Digital R&D Fund for the Arts: What we've learnt
This week we're releasing the first in our series of reports from our £7 million fund which launched in 2012 to support arts organisations to unlock their technology potential
Digital R&D Fund for the Arts: What we've learnt
Throughout this year Nesta, Arts Council England and the Arts and Humanities Research Council will be sharing learnings from the projects supported through the £7 million Digital R&D Fund for the Arts.
Since its launch in 2012, the Fund has supported 52 individual projects, bringing together organisations with arts projects, technology providers, and researchers. Each project is testing how digital technology can be used to enhance audience reach and/or develop new business models for the arts.
As the projects reach completion, our focus moves to capturing the learnings and disseminating insights to the wider arts sector. Today we are excited to be launching the first set of reports from five of these pioneering projects.
In the true spirit of research and development, the projects have shared what has worked well, as well as what hasn’t, so we can all learn from their experiences. The learnings from these projects are a huge asset for the whole sector – so a big thanks and congratulations to all those involved in getting the projects to this stage.
The five projects sharing their results today illustrate the breadth of collaborations the Digital R&D Fund supports:
- The Royal Opera House: A new mobile service which allows existing and new audiences to enjoy rich media content about ballet and opera
- Sheffield Doc/Fest: An online, immersive game in Sheffield investigating what is needed to turn public places into spaces for interactive digital art works
- Pavilion Dance South West: A location-based gaming app, which encourages people to film themselves dancing, upload their video to a website, and geo-tag their location
- Unlimited Theatre: A digital publishing platform which takes play scripts and applies techniques of digital storytelling, live theatre and co-design to create new reading experiences.
- Knowle West Media Centre: A data toolkit produced by a group of young people that explores how live and open data can be used as the basis of community-based creative projects.
The research element of this R&D Fund plays a critical part in ensuring we make maximum use of all the learnings. You can read more about the project reports, and our research framework from my colleague Tandi Williams who has been leading the research work for this fund.
Already some interesting themes are emerging from the projects. It’s clear that creative uses of digital technology have the potential to really delight new audiences. All five of the projects have been met with positive responses from the public – from the residents of Sheffield who stumbled into Sheffield Doc/Fest’s digital art space, to the young people encouraged to play with creative data practices by Knowle West Media Centre.
However, just like in the real world, achieving large-scale commercial success is extremely challenging. Pavilion Dance South West cautions us not to overestimate the power of social media alone to build audiences online. Along with the Royal Opera House experience, their story makes essential reading for any organisation looking to enhance their mobile offering.

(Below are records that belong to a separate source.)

(* Let $\mathcal{B}\subseteq\mathcal{C}$ be $*$-invariant subspaces of $\mathcal{A}$ with $1\in\mathcal{B}$, let $m\ge1$ with $\mathcal{B}^{[m]}\subseteq\mathcal{C}$, and let $L$ be a hermitian linear functional on $\mathcal{C}^2$ with $\mathcal{C}=\mathcal{B}+K_L(\mathcal{C})$. Put $\mathcal{K}:=K_L(\mathcal{C})\cap\mathcal{B}^{[1]}$. Then $\mathcal{K}^{[2m-1]}\cap\mathcal{C}\subseteq K_L(\mathcal{C})$.
   Context: $\mathcal{A}$ is a complex unital $*$-algebra with fixed generators $\{a_i:i\in I\}$, the set being closed under $*$. For a subspace $V$, $V^+:=V+\mathrm{Lin}\{a_iv:i\in I,v\in V\}$, $V^{[0]}=V$, $V^{[l+1]}=(V^{[l]})^+$. $\mathcal{C}^2:=\mathrm{Lin}\{ab:a,b\in\mathcal{C}\}$; $L$ hermitian means $L(b^* )=\overline{L(b)}$; $K_L(\mathcal{C}):=\{a\in\mathcal{C}: L(b^*a)=0\ \forall b\in\mathcal{C}\}$. *)

theory Defs
  imports Complex_Main
begin

definition star_algebra :: "(complex \<Rightarrow> 'a::ring_1 \<Rightarrow> 'a) \<Rightarrow> ('a \<Rightarrow> 'a) \<Rightarrow> bool" where
  "star_algebra smul invol \<longleftrightarrow>
     vector_space smul
   \<and> (\<forall>c x y. smul c (x * y) = smul c x * y \<and> smul c (x * y) = x * smul c y)
   \<and> (\<forall>x. invol (invol x) = x)
   \<and> (\<forall>x y. invol (x + y) = invol x + invol y)
   \<and> (\<forall>c x. invol (smul c x) = smul (cnj c) (invol x))
   \<and> (\<forall>x y. invol (x * y) = invol y * invol x)"

definition generators :: "(complex \<Rightarrow> 'a::ring_1 \<Rightarrow> 'a) \<Rightarrow> ('a \<Rightarrow> 'a) \<Rightarrow> 'a set \<Rightarrow> bool" where
  "generators smul invol G \<longleftrightarrow>
     invol ` G \<subseteq> G
   \<and> module.span smul {prod_list xs | xs. set xs \<subseteq> G} = UNIV"

definition set_plus :: "'a::plus set \<Rightarrow> 'a set \<Rightarrow> 'a set" where
  "set_plus V W = {v + w | v w. v \<in> V \<and> w \<in> W}"

definition step_space :: "(complex \<Rightarrow> 'a::ring_1 \<Rightarrow> 'a) \<Rightarrow> 'a set \<Rightarrow> 'a set \<Rightarrow> 'a set" where
  "step_space smul G V = set_plus V (module.span smul {a * v | a v. a \<in> G \<and> v \<in> V})"

definition iter_space :: "(complex \<Rightarrow> 'a::ring_1 \<Rightarrow> 'a) \<Rightarrow> 'a set \<Rightarrow> nat \<Rightarrow> 'a set \<Rightarrow> 'a set" where
  "iter_space smul G l V = (step_space smul G ^^ l) V"

definition sq_space :: "(complex \<Rightarrow> 'a::ring_1 \<Rightarrow> 'a) \<Rightarrow> 'a set \<Rightarrow> 'a set" where
  "sq_space smul C = module.span smul {a * b | a b. a \<in> C \<and> b \<in> C}"

definition star_invariant :: "('a \<Rightarrow> 'a) \<Rightarrow> 'a set \<Rightarrow> bool" where
  "star_invariant invol V \<longleftrightarrow> invol ` V \<subseteq> V"

definition linear_on :: "(complex \<Rightarrow> 'a::ring_1 \<Rightarrow> 'a) \<Rightarrow> 'a set \<Rightarrow> ('a \<Rightarrow> complex) \<Rightarrow> bool" where
  "linear_on smul W L \<longleftrightarrow>
     (\<forall>x\<in>W. \<forall>y\<in>W. L (x + y) = L x + L y) \<and> (\<forall>c. \<forall>x\<in>W. L (smul c x) = c * L x)"

definition hermitian_on :: "('a \<Rightarrow> 'a) \<Rightarrow> 'a set \<Rightarrow> ('a \<Rightarrow> complex) \<Rightarrow> bool" where
  "hermitian_on invol W L \<longleftrightarrow> (\<forall>b\<in>W. L (invol b) = cnj (L b))"

definition kernel_L :: "('a::ring_1 \<Rightarrow> 'a) \<Rightarrow> ('a \<Rightarrow> complex) \<Rightarrow> 'a set \<Rightarrow> 'a set" where
  "kernel_L invol L C = {a \<in> C. \<forall>b\<in>C. L (invol b * a) = 0}"

end

theory Submission
  imports Defs
begin

(* Call c orthogonal to y (w.r.t. L) when c^* y lies in C^2 and L(c^* y) = 0.
   For fixed c this is a linear condition on y, so it passes from V to V^+ as soon as both
   c and all a^* c (a a generator) are orthogonal to V.  Since a^* c lies one level higher
   in the filtration B, B^[1], B^[2], ..., an induction on n shows that every c in B^[p]
   is orthogonal to every y in K^[n] whenever p <= m and p + n <= 2m - 1.  The induction
   stays inside B^[m] <= C; when p reaches m, one uses instead that y lies in C and is
   orthogonal to B, and the decomposition C = B + K_L(C) together with hermiticity of L
   makes y orthogonal to all of C (the kernel criterion below).  Taking p = 0 and
   n = 2m - 1 and applying the kernel criterion once more gives the theorem. *)

locale algebra_module = module smul for smul :: "complex \<Rightarrow> 'a::ring_1 \<Rightarrow> 'a"
begin

lemma iter_space_0 [simp]: "iter_space smul G 0 V = V"
  by (simp add: iter_space_def)

lemma iter_space_Suc: "iter_space smul G (Suc n) V = step_space smul G (iter_space smul G n V)"
  by (simp add: iter_space_def)

lemma iter_space_add: "iter_space smul G p (iter_space smul G q V) = iter_space smul G (p + q) V"
  by (simp add: iter_space_def funpow_add)

lemma step_spaceE:
  assumes "y \<in> step_space smul G V"
  obtains z s where "z \<in> V" "s \<in> span {a * v | a v. a \<in> G \<and> v \<in> V}" "y = z + s"
  using assms by (auto simp: step_space_def set_plus_def)

lemma subset_step_space: "V \<subseteq> step_space smul G V"
  unfolding step_space_def set_plus_def by (force intro: span_zero)

lemma step_space_mono:
  assumes "V \<subseteq> W"
  shows "step_space smul G V \<subseteq> step_space smul G W"
proof -
  have "span {a * v | a v. a \<in> G \<and> v \<in> V} \<subseteq> span {a * v | a v. a \<in> G \<and> v \<in> W}"
    using assms by (intro span_mono) blast
  with assms show ?thesis unfolding step_space_def set_plus_def by blast
qed

lemma iter_space_mono: "V \<subseteq> W \<Longrightarrow> iter_space smul G n V \<subseteq> iter_space smul G n W"
  by (induction n) (auto simp: iter_space_Suc dest: step_space_mono)

lemma iter_space_le: "p \<le> q \<Longrightarrow> iter_space smul G p V \<subseteq> iter_space smul G q V"
proof (induction q)
  case (Suc q)
  then show ?case
    using subset_step_space[of "iter_space smul G q V"]
    by (cases "p = Suc q") (auto simp: iter_space_Suc)
qed simp

lemma generator_mult_iter_space:
  assumes "0 \<in> V" and a: "a \<in> G" and c: "c \<in> iter_space smul G p V"
  shows "a * c \<in> iter_space smul G (Suc p) V"
proof -
  have zero: "0 \<in> iter_space smul G p V"
    using assms(1) iter_space_le[of 0 p G V] by auto
  have "a * c \<in> span {a * v | a v. a \<in> G \<and> v \<in> iter_space smul G p V}"
    by (rule span_base) (use a c in blast)
  then have "0 + a * c \<in> step_space smul G (iter_space smul G p V)"
    using zero unfolding step_space_def set_plus_def by blast
  then show ?thesis by (simp add: iter_space_Suc)
qed

end

lemma star_algebra_module: "star_algebra smul invol \<Longrightarrow> module smul"
  by (simp add: star_algebra_def module_iff_vector_space)

lemma star_algebra_invol_invol: "star_algebra smul invol \<Longrightarrow> invol (invol x) = x"
  by (simp add: star_algebra_def)

lemma star_algebra_invol_add: "star_algebra smul invol \<Longrightarrow> invol (x + y) = invol x + invol y"
  by (simp add: star_algebra_def)

lemma star_algebra_invol_mult: "star_algebra smul invol \<Longrightarrow> invol (x * y) = invol y * invol x"
  by (simp add: star_algebra_def)

lemma star_algebra_smul_right: "star_algebra smul invol \<Longrightarrow> smul c (x * y) = x * smul c y"
  unfolding star_algebra_def by metis

text \<open>Only the hypotheses that the argument actually uses are assumed here.\<close>
locale kernel_setting =
  fixes smul :: "complex \<Rightarrow> 'a::ring_1 \<Rightarrow> 'a" and invol :: "'a \<Rightarrow> 'a"
    and G B C :: "'a set" and L :: "'a \<Rightarrow> complex" and m :: nat
  assumes alg: "star_algebra smul invol"
    and gen: "generators smul invol G"
    and subB: "module.subspace smul B"
    and invC: "star_invariant invol C"
    and Bm: "iter_space smul G m B \<subseteq> C"
    and lin: "linear_on smul (sq_space smul C) L"
    and herm: "hermitian_on invol (sq_space smul C) L"
    and decomp: "C = set_plus B (kernel_L invol L C)"
begin

sublocale algebra_module smul
  by unfold_locales (use star_algebra_module[OF alg] in \<open>simp_all add: module_def\<close>)

abbreviation S :: "'a set" where "S \<equiv> sq_space smul C"

definition orth :: "'a \<Rightarrow> 'a \<Rightarrow> bool" where
  "orth c y \<longleftrightarrow> invol c * y \<in> S \<and> L (invol c * y) = 0"

lemma S_subspace: "subspace S"
  unfolding sq_space_def by simp

lemma mult_mem_S: "x \<in> C \<Longrightarrow> y \<in> C \<Longrightarrow> x * y \<in> S"
  unfolding sq_space_def by (rule span_base) blast

lemma invol_mem_C: "x \<in> C \<Longrightarrow> invol x \<in> C"
  using invC by (auto simp: star_invariant_def)

lemma L_add: "x \<in> S \<Longrightarrow> y \<in> S \<Longrightarrow> L (x + y) = L x + L y"
  using lin by (simp add: linear_on_def)

lemma L_smul: "x \<in> S \<Longrightarrow> L (smul r x) = r * L x"
  using lin by (simp add: linear_on_def)

lemma L_zero: "L 0 = 0"
  using L_add[of 0 0] subspace_0[OF S_subspace] by simp

lemma orth_kernel: "c \<in> C \<Longrightarrow> y \<in> kernel_L invol L C \<Longrightarrow> orth c y"
  using mult_mem_S invol_mem_C unfolding kernel_L_def orth_def by blast

lemma orth_subspace: "subspace {y. orth c y}"
proof (rule subspaceI)
  show "0 \<in> {y. orth c y}"
    using subspace_0[OF S_subspace] L_zero by (simp add: orth_def)
next
  fix x y assume "x \<in> {y. orth c y}" "y \<in> {y. orth c y}"
  then show "x + y \<in> {y. orth c y}"
    using subspace_add[OF S_subspace] L_add by (auto simp: orth_def distrib_left)
next
  fix r x assume "x \<in> {y. orth c y}"
  then show "smul r x \<in> {y. orth c y}"
    using subspace_scale[OF S_subspace] L_smul
    by (auto simp: orth_def star_algebra_smul_right[OF alg, symmetric])
qed

lemma orth_step_space:
  assumes V: "\<forall>v\<in>V. orth c v" and GV: "\<forall>a\<in>G. \<forall>v\<in>V. orth (invol a * c) v"
    and y: "y \<in> step_space smul G V"
  shows "orth c y"
proof -
  obtain z s where z: "z \<in> V" and s: "s \<in> span {a * v | a v. a \<in> G \<and> v \<in> V}"
    and yzs: "y = z + s"
    using y by (rule step_spaceE)
  have "{a * v | a v. a \<in> G \<and> v \<in> V} \<subseteq> {y. orth c y}"
  proof clarify
    fix a v assume "a \<in> G" "v \<in> V"
    moreover have "invol (invol a * c) * v = invol c * (a * v)"
      by (simp add: star_algebra_invol_mult[OF alg] star_algebra_invol_invol[OF alg] mult.assoc)
    ultimately show "orth c (a * v)"
      using GV by (metis orth_def)
  qed
  then have "orth c s"
    using span_minimal[OF _ orth_subspace] s by blast
  then show ?thesis
    using V z yzs subspace_add[OF orth_subspace] by auto
qed

text \<open>Kernel criterion: an element of C orthogonal to B is orthogonal to all of C, i.e. it
  lies in K_L(C).  This uses C = B + K_L(C) and the hermiticity of L.\<close>
lemma kernel_criterion:
  assumes y: "y \<in> C" and yB: "\<forall>b\<in>B. orth b y"
  shows "y \<in> kernel_L invol L C"
proof -
  have "orth c y" if c: "c \<in> C" for c
  proof -
    obtain b k where b: "b \<in> B" and k: "k \<in> kernel_L invol L C" and cbk: "c = b + k"
      using c decomp unfolding set_plus_def by blast
    have kC: "k \<in> C" using k by (simp add: kernel_L_def)
    have ky: "invol k * y \<in> S" using mult_mem_S invol_mem_C kC y by blast
    have "L (invol (invol k * y)) = 0"
      using k y by (simp add: kernel_L_def star_algebra_invol_mult[OF alg] star_algebra_invol_invol[OF alg])
    then have "orth k y"
      using herm ky by (simp add: hermitian_on_def orth_def)
    moreover have "invol c * y = invol b * y + invol k * y"
      by (simp add: cbk star_algebra_invol_add[OF alg] distrib_right)
    ultimately show "orth c y"
      using yB b subspace_add[OF S_subspace] L_add by (auto simp: orth_def)
  qed
  then show ?thesis
    using y by (simp add: kernel_L_def orth_def)
qed

lemma orth_level_step:
  assumes next_level: "\<forall>c'\<in>iter_space smul G (Suc p) B. \<forall>v\<in>V. orth c' v"
    and c: "c \<in> iter_space smul G p B" and y: "y \<in> step_space smul G V"
  shows "orth c y"
proof (rule orth_step_space[OF _ _ y])
  have "c \<in> iter_space smul G (Suc p) B"
    using c iter_space_le[of p "Suc p" G B] by auto
  then show "\<forall>v\<in>V. orth c v" using next_level by blast
  have "invol a \<in> G" if "a \<in> G" for a
    using gen that by (auto simp: generators_def)
  then have "\<forall>a\<in>G. invol a * c \<in> iter_space smul G (Suc p) B"
    using generator_mult_iter_space subspace_0[OF subB] c by blast
  then show "\<forall>a\<in>G. \<forall>v\<in>V. orth (invol a * c) v" using next_level by blast
qed

abbreviation K :: "'a set" where "K \<equiv> kernel_L invol L C \<inter> iter_space smul G 1 B"

lemma orth_levels:
  assumes "m \<ge> 1"
  shows "p \<le> m \<Longrightarrow> p + n \<le> 2 * m - 1 \<Longrightarrow> c \<in> iter_space smul G p B \<Longrightarrow>
    y \<in> iter_space smul G n K \<Longrightarrow> orth c y"
proof (induction n arbitrary: p c y)
  case 0
  then show ?case
    using Bm iter_space_le[of p m G B] orth_kernel by auto
next
  case (Suc n)
  have below_m: "orth c' y" if "p' < m" "p' + Suc n \<le> 2 * m - 1" "c' \<in> iter_space smul G p' B"
    for p' c'
    using orth_level_step[of p' "iter_space smul G n K"] Suc.IH[of "Suc p'"] Suc.prems(4) that
    by (simp add: iter_space_Suc)
  show ?case
  proof (cases "p < m")
    case True
    then show ?thesis using below_m Suc.prems by blast
  next
    case False
    then have "p = m" "Suc n + 1 \<le> m" using Suc.prems(1,2) by auto
    have "y \<in> iter_space smul G (Suc n) (iter_space smul G 1 B)"
      using iter_space_mono[of K "iter_space smul G 1 B" G "Suc n"] Suc.prems(4) by blast
    then have "y \<in> C"
      using iter_space_add iter_space_le[of "Suc n + 1" m G B] Bm \<open>Suc n + 1 \<le> m\<close> by auto
    moreover have "\<forall>b\<in>B. orth b y"
      using below_m[of 0] assms Suc.prems(2) by simp
    moreover have "c \<in> C"
      using Bm \<open>p = m\<close> Suc.prems(3) by blast
    ultimately show ?thesis
      using kernel_criterion orth_kernel by blast
  qed
qed

end

theorem lemma3p3:
  fixes smul :: "complex \<Rightarrow> 'a::ring_1 \<Rightarrow> 'a" and invol :: "'a \<Rightarrow> 'a"
    and G B C :: "'a set" and L :: "'a \<Rightarrow> complex" and m :: nat
  assumes alg: "star_algebra smul invol"
    and gen: "generators smul invol G"
    and subB: "module.subspace smul B" and subC: "module.subspace smul C"
    and BC: "B \<subseteq> C"
    and invB: "star_invariant invol B" and invC: "star_invariant invol C"
    and oneB: "1 \<in> B"
    and m: "m \<ge> 1"
    and Bm: "iter_space smul G m B \<subseteq> C"
    and lin: "linear_on smul (sq_space smul C) L"
    and herm: "hermitian_on invol (sq_space smul C) L"
    and decomp: "C = set_plus B (kernel_L invol L C)"
  shows "iter_space smul G (2 * m - 1) (kernel_L invol L C \<inter> iter_space smul G 1 B) \<inter> C
           \<subseteq> kernel_L invol L C"
proof
  interpret kernel_setting smul invol G B C L m
    using alg gen subB invC Bm lin herm decomp by unfold_locales
  fix y assume y: "y \<in> iter_space smul G (2 * m - 1) K \<inter> C"
  have "\<forall>b\<in>B. orth b y"
    using orth_levels[OF m, of 0 "2 * m - 1"] y by simp
  then show "y \<in> kernel_L invol L C"
    using kernel_criterion y by blast
qed

end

There are also some important take-aways for anyone contemplating digital projects of any kind:
- Unforeseen technical issues can arise during projects, and often take time and resources to resolve. It’s important to include adequate contingency in budgets and timelines to allow for troubleshooting.
- Early user testing is critical. Rigorous user-centred research to test key assumptions up front can help us prioritise activity and reduce risk on ambitious projects.
- Well-developed user experience and design are key ingredients for success. The ROH found that simple tricks like emphasising calls to action can have a big impact.
One thing that really stands out from the projects is understanding the new relationship between digital and physical experiences. These projects illustrate how digital and non-digital activities can work hand in hand and complement one another for increased impact.
Those of us working on this project are really excited about the year ahead, as we prepare to share outcomes and learnings from all the projects. As well as publishing all the final reports in the way we have today, we are also planning to create a range of articles, guides, toolkits and videos to help the entire creative sector to learn from all the projects as they complete. We’ll also be hosting a number of face to face events across the UK to showcase some of the projects and share learnings in workshops and masterclasses.